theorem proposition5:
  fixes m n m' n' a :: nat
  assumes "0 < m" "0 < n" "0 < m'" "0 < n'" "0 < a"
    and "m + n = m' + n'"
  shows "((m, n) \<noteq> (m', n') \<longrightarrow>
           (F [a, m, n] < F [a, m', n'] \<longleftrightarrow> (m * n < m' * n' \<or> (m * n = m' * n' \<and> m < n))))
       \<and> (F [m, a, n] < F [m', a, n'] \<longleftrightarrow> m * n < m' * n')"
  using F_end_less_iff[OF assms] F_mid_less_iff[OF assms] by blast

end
------------------------------------------------------------
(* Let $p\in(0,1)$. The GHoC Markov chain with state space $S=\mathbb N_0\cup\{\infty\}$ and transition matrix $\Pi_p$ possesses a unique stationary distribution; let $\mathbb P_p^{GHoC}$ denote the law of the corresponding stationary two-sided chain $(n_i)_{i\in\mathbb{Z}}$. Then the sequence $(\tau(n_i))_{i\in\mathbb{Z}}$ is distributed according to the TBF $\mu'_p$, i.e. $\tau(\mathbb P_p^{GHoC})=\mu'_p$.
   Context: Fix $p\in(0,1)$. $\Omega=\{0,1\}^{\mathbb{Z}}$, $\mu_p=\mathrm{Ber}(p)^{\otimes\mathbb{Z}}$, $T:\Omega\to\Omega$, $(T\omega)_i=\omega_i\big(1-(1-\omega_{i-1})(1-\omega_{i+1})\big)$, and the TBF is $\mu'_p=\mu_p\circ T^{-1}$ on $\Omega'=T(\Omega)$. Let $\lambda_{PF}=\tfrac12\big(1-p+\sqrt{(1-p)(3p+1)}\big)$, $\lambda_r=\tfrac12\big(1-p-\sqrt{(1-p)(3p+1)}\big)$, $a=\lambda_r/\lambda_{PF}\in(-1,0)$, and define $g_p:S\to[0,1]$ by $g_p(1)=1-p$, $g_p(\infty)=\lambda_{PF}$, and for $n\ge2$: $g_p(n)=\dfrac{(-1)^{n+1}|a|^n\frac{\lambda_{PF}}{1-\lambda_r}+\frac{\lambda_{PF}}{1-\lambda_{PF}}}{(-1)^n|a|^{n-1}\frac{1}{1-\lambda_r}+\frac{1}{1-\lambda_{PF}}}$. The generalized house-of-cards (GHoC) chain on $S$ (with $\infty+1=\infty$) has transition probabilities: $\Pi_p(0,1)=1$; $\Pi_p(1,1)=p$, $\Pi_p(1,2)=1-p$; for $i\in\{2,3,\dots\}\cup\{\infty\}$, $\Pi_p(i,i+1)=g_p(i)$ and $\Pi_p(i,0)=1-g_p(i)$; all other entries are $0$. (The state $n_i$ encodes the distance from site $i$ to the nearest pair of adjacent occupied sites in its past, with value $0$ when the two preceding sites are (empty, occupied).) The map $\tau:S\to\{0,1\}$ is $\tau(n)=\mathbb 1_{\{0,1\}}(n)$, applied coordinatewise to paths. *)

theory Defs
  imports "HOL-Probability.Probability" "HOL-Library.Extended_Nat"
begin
------------------------------------------------------------
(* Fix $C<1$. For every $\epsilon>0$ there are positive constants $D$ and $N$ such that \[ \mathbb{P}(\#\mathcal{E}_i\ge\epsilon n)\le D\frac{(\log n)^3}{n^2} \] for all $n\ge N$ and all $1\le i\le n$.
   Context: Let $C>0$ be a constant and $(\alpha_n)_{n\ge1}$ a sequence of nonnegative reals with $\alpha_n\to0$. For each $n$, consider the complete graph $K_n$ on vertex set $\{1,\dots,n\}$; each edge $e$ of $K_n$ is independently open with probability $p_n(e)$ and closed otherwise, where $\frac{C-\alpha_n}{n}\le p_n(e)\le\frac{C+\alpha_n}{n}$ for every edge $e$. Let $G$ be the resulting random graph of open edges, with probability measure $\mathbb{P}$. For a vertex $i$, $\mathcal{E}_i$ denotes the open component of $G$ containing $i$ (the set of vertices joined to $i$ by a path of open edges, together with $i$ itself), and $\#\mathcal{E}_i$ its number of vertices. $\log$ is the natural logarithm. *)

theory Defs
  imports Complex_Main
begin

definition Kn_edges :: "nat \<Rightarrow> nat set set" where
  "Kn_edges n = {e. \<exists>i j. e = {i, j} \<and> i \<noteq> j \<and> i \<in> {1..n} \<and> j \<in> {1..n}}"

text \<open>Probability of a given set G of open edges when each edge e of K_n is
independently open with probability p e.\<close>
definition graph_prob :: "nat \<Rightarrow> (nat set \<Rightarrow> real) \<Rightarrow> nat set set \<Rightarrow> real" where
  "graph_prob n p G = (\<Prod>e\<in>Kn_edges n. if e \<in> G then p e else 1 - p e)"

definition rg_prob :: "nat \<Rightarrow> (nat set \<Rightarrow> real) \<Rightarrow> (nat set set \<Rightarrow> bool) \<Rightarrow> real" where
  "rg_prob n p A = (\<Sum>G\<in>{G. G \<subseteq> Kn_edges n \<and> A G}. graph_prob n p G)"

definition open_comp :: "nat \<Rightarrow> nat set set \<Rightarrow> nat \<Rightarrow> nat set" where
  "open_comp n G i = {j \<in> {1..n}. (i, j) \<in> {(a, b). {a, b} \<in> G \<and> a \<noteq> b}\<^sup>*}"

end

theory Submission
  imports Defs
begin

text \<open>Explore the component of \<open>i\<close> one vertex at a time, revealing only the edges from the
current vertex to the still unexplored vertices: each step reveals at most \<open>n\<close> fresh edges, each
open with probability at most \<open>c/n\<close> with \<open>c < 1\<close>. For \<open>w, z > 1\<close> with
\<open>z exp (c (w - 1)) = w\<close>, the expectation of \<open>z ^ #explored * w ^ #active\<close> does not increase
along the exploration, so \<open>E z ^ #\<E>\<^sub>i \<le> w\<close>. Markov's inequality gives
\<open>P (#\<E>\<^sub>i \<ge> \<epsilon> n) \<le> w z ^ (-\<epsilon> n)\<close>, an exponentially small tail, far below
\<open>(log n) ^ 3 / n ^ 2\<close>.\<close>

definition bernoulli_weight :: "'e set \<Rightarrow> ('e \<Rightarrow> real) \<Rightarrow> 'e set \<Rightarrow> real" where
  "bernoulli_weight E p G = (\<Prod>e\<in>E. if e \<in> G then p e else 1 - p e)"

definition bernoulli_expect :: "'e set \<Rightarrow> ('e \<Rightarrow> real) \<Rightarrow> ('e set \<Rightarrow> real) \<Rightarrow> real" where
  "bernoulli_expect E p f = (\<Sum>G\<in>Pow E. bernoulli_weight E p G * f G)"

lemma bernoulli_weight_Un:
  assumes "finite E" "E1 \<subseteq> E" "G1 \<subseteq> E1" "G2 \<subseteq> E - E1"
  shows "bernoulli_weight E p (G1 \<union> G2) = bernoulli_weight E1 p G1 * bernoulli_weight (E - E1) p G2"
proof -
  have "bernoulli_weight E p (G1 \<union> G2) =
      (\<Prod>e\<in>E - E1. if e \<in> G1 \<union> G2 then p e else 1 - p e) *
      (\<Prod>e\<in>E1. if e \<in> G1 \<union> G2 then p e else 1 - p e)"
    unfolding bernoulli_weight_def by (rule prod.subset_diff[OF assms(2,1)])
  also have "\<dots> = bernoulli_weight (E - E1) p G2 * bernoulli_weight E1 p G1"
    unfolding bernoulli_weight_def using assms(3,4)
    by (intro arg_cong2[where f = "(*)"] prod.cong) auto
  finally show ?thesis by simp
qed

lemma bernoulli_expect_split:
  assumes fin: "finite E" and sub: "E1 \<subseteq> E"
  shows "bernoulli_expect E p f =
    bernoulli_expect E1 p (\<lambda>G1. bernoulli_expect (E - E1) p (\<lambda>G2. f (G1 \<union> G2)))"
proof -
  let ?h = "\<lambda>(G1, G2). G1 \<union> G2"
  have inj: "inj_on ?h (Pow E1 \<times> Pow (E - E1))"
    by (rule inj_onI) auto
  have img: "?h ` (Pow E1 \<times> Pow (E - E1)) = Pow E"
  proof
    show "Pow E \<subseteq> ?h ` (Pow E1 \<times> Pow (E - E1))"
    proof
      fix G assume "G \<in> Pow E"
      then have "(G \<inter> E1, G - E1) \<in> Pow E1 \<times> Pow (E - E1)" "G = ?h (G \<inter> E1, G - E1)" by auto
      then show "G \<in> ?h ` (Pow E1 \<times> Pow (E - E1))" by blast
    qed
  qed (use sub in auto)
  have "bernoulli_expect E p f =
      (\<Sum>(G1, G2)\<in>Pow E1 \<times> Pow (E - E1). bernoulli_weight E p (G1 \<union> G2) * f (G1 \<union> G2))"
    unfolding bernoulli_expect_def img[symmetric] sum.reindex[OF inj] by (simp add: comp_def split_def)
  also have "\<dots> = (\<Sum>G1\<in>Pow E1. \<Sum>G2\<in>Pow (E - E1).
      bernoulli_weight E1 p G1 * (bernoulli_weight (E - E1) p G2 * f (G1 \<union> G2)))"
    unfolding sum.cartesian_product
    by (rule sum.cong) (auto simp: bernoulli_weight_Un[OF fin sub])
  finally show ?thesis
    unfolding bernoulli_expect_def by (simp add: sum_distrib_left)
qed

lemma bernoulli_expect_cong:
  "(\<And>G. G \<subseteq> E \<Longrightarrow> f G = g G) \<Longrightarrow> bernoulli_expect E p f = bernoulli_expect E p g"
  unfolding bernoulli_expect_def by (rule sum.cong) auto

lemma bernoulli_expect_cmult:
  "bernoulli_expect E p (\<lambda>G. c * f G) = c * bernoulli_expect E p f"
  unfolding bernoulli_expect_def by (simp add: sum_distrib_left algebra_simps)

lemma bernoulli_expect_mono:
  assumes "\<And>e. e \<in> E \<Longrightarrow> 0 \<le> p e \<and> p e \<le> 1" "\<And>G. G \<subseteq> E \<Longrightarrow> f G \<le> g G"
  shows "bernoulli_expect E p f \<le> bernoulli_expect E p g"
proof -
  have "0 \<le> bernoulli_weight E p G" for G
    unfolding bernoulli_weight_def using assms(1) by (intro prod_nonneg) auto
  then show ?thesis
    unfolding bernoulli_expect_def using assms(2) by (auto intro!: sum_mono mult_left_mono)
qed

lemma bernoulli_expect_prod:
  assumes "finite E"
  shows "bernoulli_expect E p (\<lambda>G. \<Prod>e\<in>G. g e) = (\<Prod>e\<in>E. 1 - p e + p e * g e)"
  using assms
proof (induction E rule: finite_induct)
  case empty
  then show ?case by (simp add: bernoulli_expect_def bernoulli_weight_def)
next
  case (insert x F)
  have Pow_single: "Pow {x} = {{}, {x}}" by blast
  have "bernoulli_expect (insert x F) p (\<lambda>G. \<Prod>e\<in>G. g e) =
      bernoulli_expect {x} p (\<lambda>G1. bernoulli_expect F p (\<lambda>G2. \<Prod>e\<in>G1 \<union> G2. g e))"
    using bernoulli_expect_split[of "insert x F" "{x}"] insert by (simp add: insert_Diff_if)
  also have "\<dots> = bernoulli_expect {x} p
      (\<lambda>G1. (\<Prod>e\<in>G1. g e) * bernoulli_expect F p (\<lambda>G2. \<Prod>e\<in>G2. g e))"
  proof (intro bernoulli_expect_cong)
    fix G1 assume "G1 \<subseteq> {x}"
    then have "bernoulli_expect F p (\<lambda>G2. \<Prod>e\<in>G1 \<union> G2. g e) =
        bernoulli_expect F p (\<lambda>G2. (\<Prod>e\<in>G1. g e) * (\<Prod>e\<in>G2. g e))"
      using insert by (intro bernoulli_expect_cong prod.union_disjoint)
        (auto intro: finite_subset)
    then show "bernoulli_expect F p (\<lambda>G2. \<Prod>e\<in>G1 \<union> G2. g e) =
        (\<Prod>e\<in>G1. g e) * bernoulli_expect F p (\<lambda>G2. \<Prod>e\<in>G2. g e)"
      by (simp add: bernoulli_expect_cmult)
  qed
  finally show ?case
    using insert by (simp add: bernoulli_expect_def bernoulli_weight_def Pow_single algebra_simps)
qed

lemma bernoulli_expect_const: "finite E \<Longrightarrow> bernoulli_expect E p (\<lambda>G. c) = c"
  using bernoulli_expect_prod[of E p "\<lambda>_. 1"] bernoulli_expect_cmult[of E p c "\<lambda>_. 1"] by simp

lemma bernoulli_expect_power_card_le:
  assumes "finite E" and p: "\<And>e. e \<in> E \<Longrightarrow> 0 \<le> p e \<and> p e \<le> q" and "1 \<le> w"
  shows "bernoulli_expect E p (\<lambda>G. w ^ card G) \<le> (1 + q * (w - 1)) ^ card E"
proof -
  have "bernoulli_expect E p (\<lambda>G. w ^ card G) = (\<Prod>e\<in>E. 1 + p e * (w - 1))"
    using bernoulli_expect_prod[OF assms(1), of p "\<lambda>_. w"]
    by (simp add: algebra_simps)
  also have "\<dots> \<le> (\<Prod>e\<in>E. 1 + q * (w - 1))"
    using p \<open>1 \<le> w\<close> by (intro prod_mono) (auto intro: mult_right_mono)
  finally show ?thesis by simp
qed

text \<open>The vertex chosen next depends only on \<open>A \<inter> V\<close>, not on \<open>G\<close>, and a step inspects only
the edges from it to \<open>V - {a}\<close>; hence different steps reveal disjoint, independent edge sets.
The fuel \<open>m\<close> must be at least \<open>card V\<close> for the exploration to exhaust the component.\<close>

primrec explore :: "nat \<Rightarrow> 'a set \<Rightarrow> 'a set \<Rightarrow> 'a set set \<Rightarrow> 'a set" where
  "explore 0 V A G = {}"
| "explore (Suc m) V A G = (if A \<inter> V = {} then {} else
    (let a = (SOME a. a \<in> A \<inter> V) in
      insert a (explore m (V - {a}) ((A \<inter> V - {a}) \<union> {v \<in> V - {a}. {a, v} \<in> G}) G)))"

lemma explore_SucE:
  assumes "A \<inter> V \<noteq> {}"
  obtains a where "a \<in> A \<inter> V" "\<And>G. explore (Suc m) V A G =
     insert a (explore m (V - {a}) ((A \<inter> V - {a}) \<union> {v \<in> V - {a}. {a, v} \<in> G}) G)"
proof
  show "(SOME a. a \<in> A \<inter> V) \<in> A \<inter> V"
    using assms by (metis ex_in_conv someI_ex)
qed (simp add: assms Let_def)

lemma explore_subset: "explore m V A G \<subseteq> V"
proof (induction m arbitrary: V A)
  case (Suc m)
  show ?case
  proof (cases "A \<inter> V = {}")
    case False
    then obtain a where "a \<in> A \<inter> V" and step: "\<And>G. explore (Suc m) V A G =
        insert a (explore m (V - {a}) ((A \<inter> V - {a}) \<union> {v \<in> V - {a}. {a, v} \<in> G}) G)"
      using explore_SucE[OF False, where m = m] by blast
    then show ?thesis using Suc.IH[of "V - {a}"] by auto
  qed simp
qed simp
------------------------------------------------------------
DESCRIPTION OF THE TASK: Beginning at the line above that contains "real) \<Rightarrow> (nat", return each line exactly through the line that contains "G = (\<Prod>e\<in>E.", and no others.

SOLUTION TO THE PROBLEM:
definition rg_prob :: "nat \<Rightarrow> (nat set \<Rightarrow> real) \<Rightarrow> (nat set set \<Rightarrow> bool) \<Rightarrow> real" where
  "rg_prob n p A = (\<Sum>G\<in>{G. G \<subseteq> Kn_edges n \<and> A G}. graph_prob n p G)"

definition open_comp :: "nat \<Rightarrow> nat set set \<Rightarrow> nat \<Rightarrow> nat set" where
  "open_comp n G i = {j \<in> {1..n}. (i, j) \<in> {(a, b). {a, b} \<in> G \<and> a \<noteq> b}\<^sup>*}"

end

theory Submission
  imports Defs
begin

text \<open>Explore the component of \<open>i\<close> one vertex at a time, revealing only the edges from the
current vertex to the still unexplored vertices: each step reveals at most \<open>n\<close> fresh edges, each
open with probability at most \<open>c/n\<close> with \<open>c < 1\<close>. For \<open>w, z > 1\<close> with
\<open>z exp (c (w - 1)) = w\<close>, the expectation of \<open>z ^ #explored * w ^ #active\<close> does not increase
along the exploration, so \<open>E z ^ #\<E>\<^sub>i \<le> w\<close>. Markov's inequality gives
\<open>P (#\<E>\<^sub>i \<ge> \<epsilon> n) \<le> w z ^ (-\<epsilon> n)\<close>, an exponentially small tail, far below
\<open>(log n) ^ 3 / n ^ 2\<close>.\<close>

definition bernoulli_weight :: "'e set \<Rightarrow> ('e \<Rightarrow> real) \<Rightarrow> 'e set \<Rightarrow> real" where
  "bernoulli_weight E p G = (\<Prod>e\<in>E. if e \<in> G then p e else 1 - p e)"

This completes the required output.